- PROBLEM STATEMENT
From the entries below, return exactly the lines beginning at the one that contains "x1 - int y1" and ending at the one that contains "define \<phi> where", both of them included, and only those lines.

(Stored data)
'''

lemma lam_cong_shift: "((x1, x2, x3 + n * r), (x1 + n * p, x2 + n * q, x3)) \<in> lam_cong p q r"
proof (induction n arbitrary: x1 x2)
  case 0
  show ?case by (simp add: lam_cong_def)
next
  case (Suc n)
  have "(tadd (x1, x2, x3 + n * r) (p, q, 0), tadd (x1, x2, x3 + n * r) (0, 0, r))
      \<in> lam_base p q r"
    unfolding lam_base_def by blast
  then have "((x1 + p, x2 + q, x3 + n * r), (x1, x2, x3 + Suc n * r)) \<in> lam_base p q r"
    by (simp add: tadd_def algebra_simps)
  then have "((x1, x2, x3 + Suc n * r), (x1 + p, x2 + q, x3 + n * r)) \<in> lam_cong p q r"
    unfolding lam_cong_def by (intro r_into_rtrancl) blast
  then have "((x1, x2, x3 + Suc n * r), (x1 + p + n * p, x2 + q + n * q, x3)) \<in> lam_cong p q r"
    using Suc.IH[of "x1 + p" "x2 + q"] unfolding lam_cong_def by (rule rtrancl_trans)
  then show ?case by (simp add: algebra_simps)
qed

lemma lam_cong_if_int_multiple:
  assumes "int x1 - int y1 = t * int p" "int x2 - int y2 = t * int q" "int y3 - int x3 = t * int r"
  shows "((x1, x2, x3), (y1, y2, y3)) \<in> lam_cong p q r"
proof (cases "0 \<le> t")
  case True
  then obtain n where "t = int n" by (rule nonneg_int_cases)
  with assms have "int x1 = int (y1 + n * p)" "int x2 = int (y2 + n * q)" "int y3 = int (x3 + n * r)"
    by (simp_all add: algebra_simps)
  then have "x1 = y1 + n * p" "x2 = y2 + n * q" "y3 = x3 + n * r"
    by (simp_all only: of_nat_eq_iff)
  then have "((y1, y2, y3), (x1, x2, x3)) \<in> lam_cong p q r"
    using lam_cong_shift[of y1 y2 x3 n r p q] by simp
  then show ?thesis using sym_lam_cong by (rule symD[rotated])
next
  case False
  then have "0 \<le> - t" by simp
  then obtain n where "- t = int n" by (rule nonneg_int_cases)
  then have "t = - int n" by simp
  with assms have "int y1 = int (x1 + n * p)" "int y2 = int (x2 + n * q)" "int x3 = int (y3 + n * r)"
    by (simp_all add: algebra_simps)
  then have "y1 = x1 + n * p" "y2 = x2 + n * q" "x3 = y3 + n * r"
    by (simp_all only: of_nat_eq_iff)
  then show ?thesis
    using lam_cong_shift[of x1 x2 y3 n r p q] by simp
qed

lemma lam_cong_imp_eq:
  fixes F :: "tri \<Rightarrow> 'a"
  assumes respects: "\<And>l. F (tadd l (p, q, 0)) = F (tadd l (0, 0, r))"
    and "(x, y) \<in> lam_cong p q r"
  shows "F x = F y"
proof -
  have base: "F u = F v" if "(u, v) \<in> lam_base p q r" for u v
  proof -
    from that obtain l where "u = tadd l (p, q, 0)" "v = tadd l (0, 0, r)"
      unfolding lam_base_def by blast
    then show ?thesis by (simp add: respects)
  qed
  from assms(2) show ?thesis
    unfolding lam_cong_def
  proof (induction rule: rtrancl_induct)
    case base
    show ?case by simp
  next
    case (step y z)
    from step.hyps(2) have "F y = F z"
      using base[of y z] base[of z y] by (metis UnE converseD)
    with step.IH show ?case by simp
  qed
qed

lemma lam_iso_if_kernel:
  fixes F :: "tri \<Rightarrow> vec2"
  assumes add: "\<And>x y. F (tadd x y) = vadd (F x) (F y)"
    and zero: "F (0, 0, 0) = (0, 0)"
    and kernel: "\<And>x y. (x, y) \<in> lam_cong p q r \<longleftrightarrow> F x = F y"
  shows "lam_iso p q r (range F) (\<lambda>X. F (SOME x. x \<in> X))"
proof -
  define \<phi> where "\<phi> X = F (SOME x. x \<in> X)" for X :: "tri set"
  define cls where "cls z = F -` {F z}" for z
  have class_eq: "lam_cong p q r `` {z} = cls z" for z
    unfolding cls_def Image_def using kernel by (auto simp del: split_paired_All)
  have Lam_eq: "Lam p q r = range cls"
    unfolding Lam_def quotient_def class_eq by blast
  have \<phi>_cls: "\<phi> (cls z) = F z" for z
  proof -
    have "z \<in> cls z" by (simp add: cls_def)
    then have "(SOME x. x \<in> cls z) \<in> cls z" by (rule someI)
    then show ?thesis by (simp add: \<phi>_def cls_def)
  qed
  have "bij_betw \<phi> (Lam p q r) (range F)"
    unfolding Lam_eq
  proof (rule bij_betw_imageI)
    show "inj_on \<phi> (range cls)"
    proof (rule inj_onI)
      fix X Y assume "X \<in> range cls" "Y \<in> range cls" "\<phi> X = \<phi> Y"
      then obtain x y where "X = cls x" "Y = cls y" "F x = F y"
        by (auto simp: \<phi>_cls)
      then show "X = Y" by (simp add: cls_def)
    qed
    show "\<phi> ` range cls = range F"
      by (simp add: image_image \<phi>_cls)
  qed
  moreover have "\<phi> (lam_zero p q r) = (0, 0)"
    unfolding lam_zero_def class_eq \<phi>_cls by (rule zero)
  moreover have "\<phi> (lam_add p q r X Y) = vadd (\<phi> X) (\<phi> Y)"
    if "X \<in> Lam p q r" "Y \<in> Lam p q r" for X Y
  proof -
    from that obtain x y where XY: "X = cls x" "Y = cls y"
      unfolding Lam_eq by blast
    have "cls (tadd x' y') = cls (tadd x y)" if "x' \<in> cls x" "y' \<in> cls y" for x' y'
      using that by (simp add: cls_def add)
    moreover have "x \<in> cls x" "y \<in> cls y" by (simp_all add: cls_def)
    ultimately have "lam_add p q r X Y = cls (tadd x y)"
      unfolding lam_add_def class_eq XY by blast
    then show ?thesis by (simp add: XY \<phi>_cls add)
  qed
  ultimately show ?thesis
    unfolding lam_iso_def \<phi>_def by blast
qed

'''

- RESULT OF THE TASK
  assumes "int x1 - int y1 = t * int p" "int x2 - int y2 = t * int q" "int y3 - int x3 = t * int r"
  shows "((x1, x2, x3), (y1, y2, y3)) \<in> lam_cong p q r"
proof (cases "0 \<le> t")
  case True
  then obtain n where "t = int n" by (rule nonneg_int_cases)
  with assms have "int x1 = int (y1 + n * p)" "int x2 = int (y2 + n * q)" "int y3 = int (x3 + n * r)"
    by (simp_all add: algebra_simps)
  then have "x1 = y1 + n * p" "x2 = y2 + n * q" "y3 = x3 + n * r"
    by (simp_all only: of_nat_eq_iff)
  then have "((y1, y2, y3), (x1, x2, x3)) \<in> lam_cong p q r"
    using lam_cong_shift[of y1 y2 x3 n r p q] by simp
  then show ?thesis using sym_lam_cong by (rule symD[rotated])
next
  case False
  then have "0 \<le> - t" by simp
  then obtain n where "- t = int n" by (rule nonneg_int_cases)
  then have "t = - int n" by simp
  with assms have "int y1 = int (x1 + n * p)" "int y2 = int (x2 + n * q)" "int x3 = int (y3 + n * r)"
    by (simp_all add: algebra_simps)
  then have "y1 = x1 + n * p" "y2 = x2 + n * q" "x3 = y3 + n * r"
    by (simp_all only: of_nat_eq_iff)
  then show ?thesis
    using lam_cong_shift[of x1 x2 y3 n r p q] by simp
qed

lemma lam_cong_imp_eq:
  fixes F :: "tri \<Rightarrow> 'a"
  assumes respects: "\<And>l. F (tadd l (p, q, 0)) = F (tadd l (0, 0, r))"
    and "(x, y) \<in> lam_cong p q r"
  shows "F x = F y"
proof -
  have base: "F u = F v" if "(u, v) \<in> lam_base p q r" for u v
  proof -
    from that obtain l where "u = tadd l (p, q, 0)" "v = tadd l (0, 0, r)"
      unfolding lam_base_def by blast
    then show ?thesis by (simp add: respects)
  qed
  from assms(2) show ?thesis
    unfolding lam_cong_def
  proof (induction rule: rtrancl_induct)
    case base
    show ?case by simp
  next
    case (step y z)
    from step.hyps(2) have "F y = F z"
      using base[of y z] base[of z y] by (metis UnE converseD)
    with step.IH show ?case by simp
  qed
qed

lemma lam_iso_if_kernel:
  fixes F :: "tri \<Rightarrow> vec2"
  assumes add: "\<And>x y. F (tadd x y) = vadd (F x) (F y)"
    and zero: "F (0, 0, 0) = (0, 0)"
    and kernel: "\<And>x y. (x, y) \<in> lam_cong p q r \<longleftrightarrow> F x = F y"
  shows "lam_iso p q r (range F) (\<lambda>X. F (SOME x. x \<in> X))"
proof -
  define \<phi> where "\<phi> X = F (SOME x. x \<in> X)" for X :: "tri set"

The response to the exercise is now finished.